Many American cities have been annexed by other cities against the protest of their residents. In fact most of the nation’s largest cities have grown through such forcible annexations of neighboring territory and smaller cities. Not only can existing towns and cities be absorbed into larger governments, but states can also decree that an unincorporated community simply be governed by a neighboring city without being formally annexed—and without its residents having a vote in the election of that city’s government. Thirty-five states allow local governments to exercise such “extraterritorial jurisdiction” over people and property outside city limits. As a result, citizens can be regulated, fined, and taxed by local governments they did not elect.

Why isn’t this a violation of the well-established constitutional principle of one-person, one-vote? Because that right applies only to people who live within city (or town or village) limits. Contrary to what most Americans may believe, people who don’t live in a place with its own established local government—like a city, town or village—have no right under the Constitution to govern their own local communities. In fact, their communities can be governed by other local governments in which they have no say.

In other words, how local government is organized is up to state law, and the remedy to amend these state laws is the political process. As William Rehnquist wrote in the 1978 case Holt Civic Club v. Tuscaloosa, which upheld Alabama’s decision to give cities extraterritorial jurisdiction over nearby settlements, the “authority to make those judgments resides in the state legislature.” Citizens who dislike the existing arrangement, he wrote, “are free to urge their proposals to that body.”As far as the Constitution is concerned, a state could dissolve all of its local governments and run everything from the state capital. Whether there is local democracy at all is entirely a matter of state law.

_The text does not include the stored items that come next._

lemma D_nonzero:
  assumes "distinct xs" "set xs \<subseteq> {1..d+1}" "length xs \<le> d"
  shows "D xs \<noteq> 0"
proof (rule affine_det_nonzero[OF _ assms(1)])
  show "aff_indep_proj v (length xs - 1) (set xs)"
  proof (cases "xs = []")
    case False
    hence "length xs - 1 < d" "card (set xs) = length xs - 1 + 1"
      using assms by (cases xs; simp add: distinct_card)+
    thus ?thesis
      using general_position assms(2) unfolding general_position_def by blast
  qed (simp add: aff_indep_proj_def)
qed

text \<open>For \<open>xs = map \<sigma> [1..<j+1]\<close> this is \<open>z(\<sigma>, j)\<close> (lemma zval_eq_z); the index
  \<open>Suc d\<close> stands for the vertex \<open>v (d + 1)\<close>.\<close>
definition z :: "nat list \<Rightarrow> real" where
  "z xs = D (xs @ [Suc d]) / D xs"

definition phi :: "nat list \<Rightarrow> nat set \<Rightarrow> real" where
  "phi T B = (\<Sum>ys\<in>permutations_of_set B. D (T @ ys) * (\<Prod>i<length ys. z (T @ take (Suc i) ys)))"

text \<open>By affine_det_mult_snoc_mset_eq, any ordering of B may replace the sorted one.\<close>
definition phi_closed :: "nat list \<Rightarrow> nat set \<Rightarrow> real" where
  "phi_closed T B = D (T @ sorted_list_of_set B) * D (T @ sorted_list_of_set B @ [Suc d])
     * D (T @ [Suc d]) ^ (card B - 1) / (\<Prod>p\<in>B. D (T @ [p]))"

text \<open>T lists the vertices placed so far, B those still to be placed after them.\<close>
definition admissible :: "nat list \<Rightarrow> nat set \<Rightarrow> bool" where
  "admissible T B \<longleftrightarrow> distinct T \<and> finite B \<and> set T \<inter> B = {} \<and> set T \<union> B \<subseteq> {1..d}"

lemma admissible_snoc: "admissible T B \<Longrightarrow> a \<in> B \<Longrightarrow> admissible (T @ [a]) (B - {a})"
  unfolding admissible_def by auto

lemma admissible_D_nonzero:
  assumes adm: "admissible T B"
  shows "a \<in> B \<Longrightarrow> D (T @ [a]) \<noteq> 0"
    and "B \<noteq> {} \<Longrightarrow> D (T @ [Suc d]) \<noteq> 0"
    and "a \<in> B \<Longrightarrow> b \<in> B \<Longrightarrow> a \<noteq> b \<Longrightarrow> D (T @ [a, b]) \<noteq> 0"
    and "a \<in> B \<Longrightarrow> b \<in> B \<Longrightarrow> a \<noteq> b \<Longrightarrow> D (T @ [a, Suc d]) \<noteq> 0"
proof -
  have fin: "finite B" using adm by (simp add: admissible_def)
  have len: "length T + card B \<le> d"
  proof -
    have "card (set T \<union> B) \<le> card {1..d}"
      using adm unfolding admissible_def by (intro card_mono) auto
    thus ?thesis using adm by (simp add: admissible_def card_Un_disjoint distinct_card)
  qed
  have nonzero: "D (T @ ys) \<noteq> 0"
    if ys: "distinct ys" "set ys \<subseteq> B \<union> {Suc d}" "length ys \<le> card B" for ys
  proof (rule D_nonzero)
    have T: "distinct T" "set T \<subseteq> {1..d}" "set T \<inter> B = {}" and B: "B \<subseteq> {1..d}"
      using adm by (auto simp: admissible_def)
    moreover have "Suc d \<notin> set T" using T(2) by auto
    ultimately have "set T \<inter> set ys = {}" using ys(2) by blast
    thus "distinct (T @ ys)" using T ys by simp
    show "set (T @ ys) \<subseteq> {1..d + 1}" using T(2) B ys(2) by (auto simp: subset_iff)
    show "length (T @ ys) \<le> d" using len ys(3) by simp
  qed
  show "a \<in> B \<Longrightarrow> D (T @ [a]) \<noteq> 0"
    using fin by (intro nonzero) (auto simp: Suc_le_eq card_gt_0_iff)
  show "B \<noteq> {} \<Longrightarrow> D (T @ [Suc d]) \<noteq> 0"
    using fin by (intro nonzero) (auto simp: Suc_le_eq card_gt_0_iff)
  assume ab: "a \<in> B" "b \<in> B" "a \<noteq> b"
  hence two: "2 \<le> card B" using card_mono[OF fin, of "{a, b}"] by simp
  have "a \<noteq> Suc d" using ab(1) adm by (auto simp: admissible_def subset_iff)
  show "D (T @ [a, b]) \<noteq> 0" using ab two by (intro nonzero) auto
  show "D (T @ [a, Suc d]) \<noteq> 0" using ab two \<open>a \<noteq> Suc d\<close> by (intro nonzero) auto
qed

lemma D_snoc_pair:
  assumes adm: "admissible T B" and ab: "a \<in> B" "b \<in> B"
  shows "D (T @ [a, b]) = D (T @ [a]) * D (T @ [b]) * (z (T @ [a]) - z (T @ [b])) / D (T @ [Suc d])"
proof -
  have nonzero: "D (T @ [a]) \<noteq> 0" "D (T @ [b]) \<noteq> 0" "D (T @ [Suc d]) \<noteq> 0"
    using admissible_D_nonzero[OF adm] ab by auto
  hence "D (T @ [a, Suc d]) = z (T @ [a]) * D (T @ [a])" "D (T @ [b, Suc d]) = z (T @ [b]) * D (T @ [b])"
    by (simp_all add: z_def)
  hence "D (T @ [Suc d]) * D (T @ [a, b]) = D (T @ [a]) * D (T @ [b]) * (z (T @ [a]) - z (T @ [b]))"
    using affine_det_pluecker[of v T a b "Suc d"] by (simp add: algebra_simps)
  thus ?thesis using nonzero(3) by (simp add: field_simps)
qed

lemma inj_on_z_snoc:
  assumes adm: "admissible T B"
  shows "inj_on (\<lambda>a. z (T @ [a])) B"
proof (rule inj_onI, rule ccontr)
  fix a b assume ab: "a \<in> B" "b \<in> B" "z (T @ [a]) = z (T @ [b])" "a \<noteq> b"
  thus False using D_snoc_pair[OF adm ab(1,2)] admissible_D_nonzero(3)[OF adm ab(1,2,4)] by simp
qed

lemma z_snoc_nonzero:
  assumes adm: "admissible T B" and a: "a \<in> B" and two: "2 \<le> card B"
  shows "z (T @ [a]) \<noteq> 0"
proof -
  have "card (B - {a}) \<ge> 1" using two a by simp
  hence "B - {a} \<noteq> {}" by (metis card.empty not_one_le_zero)
  then obtain b where "b \<in> B" "b \<noteq> a" by blast
  thus ?thesis using admissible_D_nonzero[OF adm] a by (simp add: z_def)
qed

lemma sum_completions_by_head:
  assumes "finite B" "B \<noteq> {}"
  shows "(\<Sum>ys\<in>permutations_of_set B. D (T @ ys) * (\<Prod>i<length ys. z (T @ take (Suc i) ys)) * f (hd ys))
       = (\<Sum>a\<in>B. f a * z (T @ [a]) * phi (T @ [a]) (B - {a}))"
proof -
  have "(\<Prod>i<length (a # ys). z (T @ take (Suc i) (a # ys)))
      = z (T @ [a]) * (\<Prod>i<length ys. z ((T @ [a]) @ take (Suc i) ys))" for a ys
    by (simp only: length_Cons prod.lessThan_Suc_shift) simp
  thus ?thesis
    unfolding phi_def sum_permutations_of_set_Cons[OF assms] sum_distrib_left
    by (intro sum.cong refl) (simp add: algebra_simps)
qed

lemma prod_D_snoc_pair:
  assumes adm: "admissible T B" and a: "a \<in> B"
  shows "(\<Prod>b\<in>B - {a}. D (T @ [a, b])) = D (T @ [a]) ^ card (B - {a})
           * ((\<Prod>b\<in>B - {a}. D (T @ [b])) * (\<Prod>b\<in>B - {a}. z (T @ [a]) - z (T @ [b])))
           / D (T @ [Suc d]) ^ card (B - {a})"
proof -
  have "(\<Prod>b\<in>B - {a}. D (T @ [a, b]))
      = (\<Prod>b\<in>B - {a}. D (T @ [a]) * (D (T @ [b]) * (z (T @ [a]) - z (T @ [b]))) / D (T @ [Suc d]))"
    using D_snoc_pair[OF adm a] by (intro prod.cong refl) (simp add: mult.assoc)
  thus ?thesis by (simp add: prod_dividef prod.distrib)
qed

lemma phi_closed_snoc:
  assumes adm: "admissible T B" and card: "card B = Suc (Suc m)" and a: "a \<in> B"
  shows "phi_closed (T @ [a]) (B - {a})
           = phi_closed T B * z (T @ [a]) ^ m / (\<Prod>b\<in>B - {a}. z (T @ [a]) - z (T @ [b]))"
proof -
  have fin: "finite B" using adm by (simp add: admissible_def)
  define C where "C = D (T @ [Suc d])"
  define Da where "Da = D (T @ [a])"
  define wa where "wa = z (T @ [a])"
  define P where "P = (\<Prod>b\<in>B - {a}. D (T @ [b]))"
  define Q where "Q = (\<Prod>b\<in>B - {a}. wa - z (T @ [b]))"
  define X where "X = D (T @ sorted_list_of_set B) * D (T @ sorted_list_of_set B @ [Suc d])"
  have nonzero: "C \<noteq> 0" "Da \<noteq> 0" "P \<noteq> 0"
    using admissible_D_nonzero[OF adm] a fin by (auto simp: C_def Da_def P_def)
  have "Q \<noteq> 0"
    using inj_on_z_snoc[OF adm] fin a by (auto simp: Q_def wa_def dest: inj_onD)
  have "mset (a # sorted_list_of_set (B - {a})) = mset (sorted_list_of_set B)"
    using fin a by (subst set_eq_iff_mset_eq_distinct[symmetric]) auto
  hence "mset (T @ a # sorted_list_of_set (B - {a})) = mset (T @ sorted_list_of_set B)"
    by simp
  hence X: "D (T @ a # sorted_list_of_set (B - {a})) * D (T @ a # sorted_list_of_set (B - {a}) @ [Suc d]) = X"
    unfolding X_def using affine_det_mult_snoc_mset_eq by fastforce
  have pairs: "(\<Prod>b\<in>B - {a}. D (T @ [a, b])) = Da ^ Suc m * (P * Q) / C ^ Suc m"
    using prod_D_snoc_pair[OF adm a] fin a card by (simp add: Da_def P_def Q_def wa_def C_def)
  have "D (T @ [a, Suc d]) = wa * Da" using nonzero(2) by (simp add: wa_def Da_def z_def)
  hence "phi_closed (T @ [a]) (B - {a}) = X * (wa * Da) ^ m / (Da ^ Suc m * (P * Q) / C ^ Suc m)"
    using fin a card by (simp add: phi_closed_def X pairs)
  also have "\<dots> = X * C ^ Suc m / (Da * P) * wa ^ m / Q"
    using nonzero \<open>Q \<noteq> 0\<close> by (simp add: field_simps power_mult_distrib)
  also have "X * C ^ Suc m / (Da * P) = phi_closed T B"
    using fin a card by (simp add: phi_closed_def X_def C_def Da_def P_def prod.remove)
  finally show ?thesis by (simp add: wa_def Q_def)
qed

lemma phi_eq_phi_closed:
  assumes "admissible T B" "B \<noteq> {}"
  shows "phi T B = phi_closed T B"
proof -
  obtain n where "card B = Suc n"
    using assms by (metis admissible_def card_0_eq not0_implies_Suc)
  thus ?thesis using assms(1)
  proof (induction n arbitrary: T B)
    case 0
    then obtain a where B: "B = {a}" by (metis One_nat_def card_1_singletonE)
    have "D (T @ [a]) \<noteq> 0" using admissible_D_nonzero(1)[OF 0(2)] B by simp
    thus ?case by (simp add: B phi_def phi_closed_def z_def)
  next
    case (Suc m)
    have fin: "finite B" "B \<noteq> {}" using Suc.prems by (auto simp: admissible_def)
    have "phi T B = (\<Sum>a\<in>B. z (T @ [a]) * phi (T @ [a]) (B - {a}))"
      using sum_completions_by_head[OF fin, of T "\<lambda>_. 1"] by (simp add: phi_def)
    also have "\<dots> = (\<Sum>a\<in>B. phi_closed T B * (z (T @ [a]) ^ Suc m / (\<Prod>b\<in>B - {a}. z (T @ [a]) - z (T @ [b]))))"
    proof (rule sum.cong[OF refl])
      fix a assume a: "a \<in> B"
      have "phi (T @ [a]) (B - {a}) = phi_closed (T @ [a]) (B - {a})"
        using Suc.IH[OF _ admissible_snoc[OF Suc.prems(2) a]] Suc.prems(1) a fin by simp
      thus "z (T @ [a]) * phi (T @ [a]) (B - {a})
          = phi_closed T B * (z (T @ [a]) ^ Suc m / (\<Prod>b\<in>B - {a}. z (T @ [a]) - z (T @ [b])))"
        using phi_closed_snoc[OF Suc.prems(2,1) a] by simp
    qed
    also have "\<dots> = phi_closed T B * divided_difference_power (\<lambda>a. z (T @ [a])) B (Suc m)"
      by (simp add: divided_difference_power_def sum_distrib_left)
    also have "divided_difference_power (\<lambda>a. z (T @ [a])) B (Suc m) = 1"
      using divided_difference_power_below_card[OF fin(1) inj_on_z_snoc[OF Suc.prems(2)]] Suc.prems(1)
      by simp
    finally show ?case by simp
  qed
qed

lemma completion_sum_div_head_power_eq_0:
  assumes adm: "admissible T B" and k: "k + 2 \<le> card B"
  shows "(\<Sum>ys\<in>permutations_of_set B.
           D (T @ ys) * (\<Prod>i<length ys. z (T @ take (Suc i) ys)) / z (T @ [hd ys]) ^ Suc k) = 0"
proof -
  have fin: "finite B" "B \<noteq> {}" using adm k by (auto simp: admissible_def)
  define m where "m = card B - 2"
  have card: "card B = Suc (Suc m)" and "k \<le> m" using k by (auto simp: m_def)
  let ?w = "\<lambda>a. z (T @ [a])"
  have "(\<Sum>ys\<in>permutations_of_set B.
           D (T @ ys) * (\<Prod>i<length ys. z (T @ take (Suc i) ys)) / ?w (hd ys) ^ Suc k)
      = (\<Sum>a\<in>B. inverse (?w a ^ Suc k) * ?w a * phi (T @ [a]) (B - {a}))"
    using sum_completions_by_head[OF fin, of T "\<lambda>a. inverse (?w a ^ Suc k)"]
    by (simp add: divide_inverse)
  also have "\<dots> = (\<Sum>a\<in>B. phi_closed T B * (?w a ^ (m - k) / (\<Prod>b\<in>B - {a}. ?w a - ?w b)))"
  proof (rule sum.cong[OF refl])
    fix a assume a: "a \<in> B"
    have "?w a \<noteq> 0" using z_snoc_nonzero[OF adm a] card by simp
    hence "inverse (?w a ^ Suc k) * ?w a * ?w a ^ m = ?w a ^ (m - k)"
      using \<open>k \<le> m\<close> by (simp add: power_diff field_simps)
    moreover have "card (B - {a}) = Suc m" using card fin a by simp
    hence "phi (T @ [a]) (B - {a}) = phi_closed (T @ [a]) (B - {a})"
      by (intro phi_eq_phi_closed admissible_snoc[OF adm a]) (metis card.empty Zero_not_Suc)
    ultimately show "inverse (?w a ^ Suc k) * ?w a * phi (T @ [a]) (B - {a})
        = phi_closed T B * (?w a ^ (m - k) / (\<Prod>b\<in>B - {a}. ?w a - ?w b))"
      using phi_closed_snoc[OF adm card a] by (simp add: field_simps)
  qed
  also have "\<dots> = phi_closed T B * divided_difference_power ?w B (m - k)"
    by (simp add: divided_difference_power_def sum_distrib_left)
  also have "divided_difference_power ?w B (m - k) = 0"
    using divided_difference_power_below_card[OF fin(1) inj_on_z_snoc[OF adm]] card by simp
  finally show ?thesis by simp
qed

lemma zval_eq_z: "zval d v \<sigma> j = z (map \<sigma> [1..<j+1])"
  by (simp add: zval_def z_def affine_det_def Xmat_eq_affine_mat Ymat_eq_affine_mat del: upt_Suc)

So there’s nothing in the Constitution that stops state-level takeovers of cities and school districts. Indeed state governments have taken control of troubled cities in the past. In 1991 Massachusetts placed the Boston suburb of Chelsea into receivership, reducing its elected government to an advisory capacity and vesting power in an appointed receiver. In 2000 New Jersey placed the city of Camden into receivership.

Under Snyder’s proposed “Local Government and School District Fiscal Accountability Act,” an emergency manager appointed by the governor could renegotiate contracts, terminate collective bargaining agreements, close buildings and schools, and even reorganize or dissolve local governments and school districts—all without the consent of elected officials or local residents.

Yet in 2002—nine years before this proposal was a gleam in Rick Snyder’s eye—Michigan declared a fiscal emergency and appointed an emergency manager in the city of Flint, divesting the elected government of control over the city’s finances. In fact Michigan has declared seven local financial emergencies since 1990, when the state first acquired the authority to put unelected emergency managers in charge of troubled cities. According to the state’s Web site, three Michigan cities are currently run by state-appointed financial managers.

So the new law isn’t a radically new or unprecedented affront to local democracy. It’s a relatively modest expansion of a power Michigan already has. This doesn’t mean that the new law is justified. It just goes to show that there’s nothing un-American about a good old-fashioned power grab. And the only remedy the Constitution provides for that is for citizens to voice their disapproval of stateleadership at the ballot box in the next election.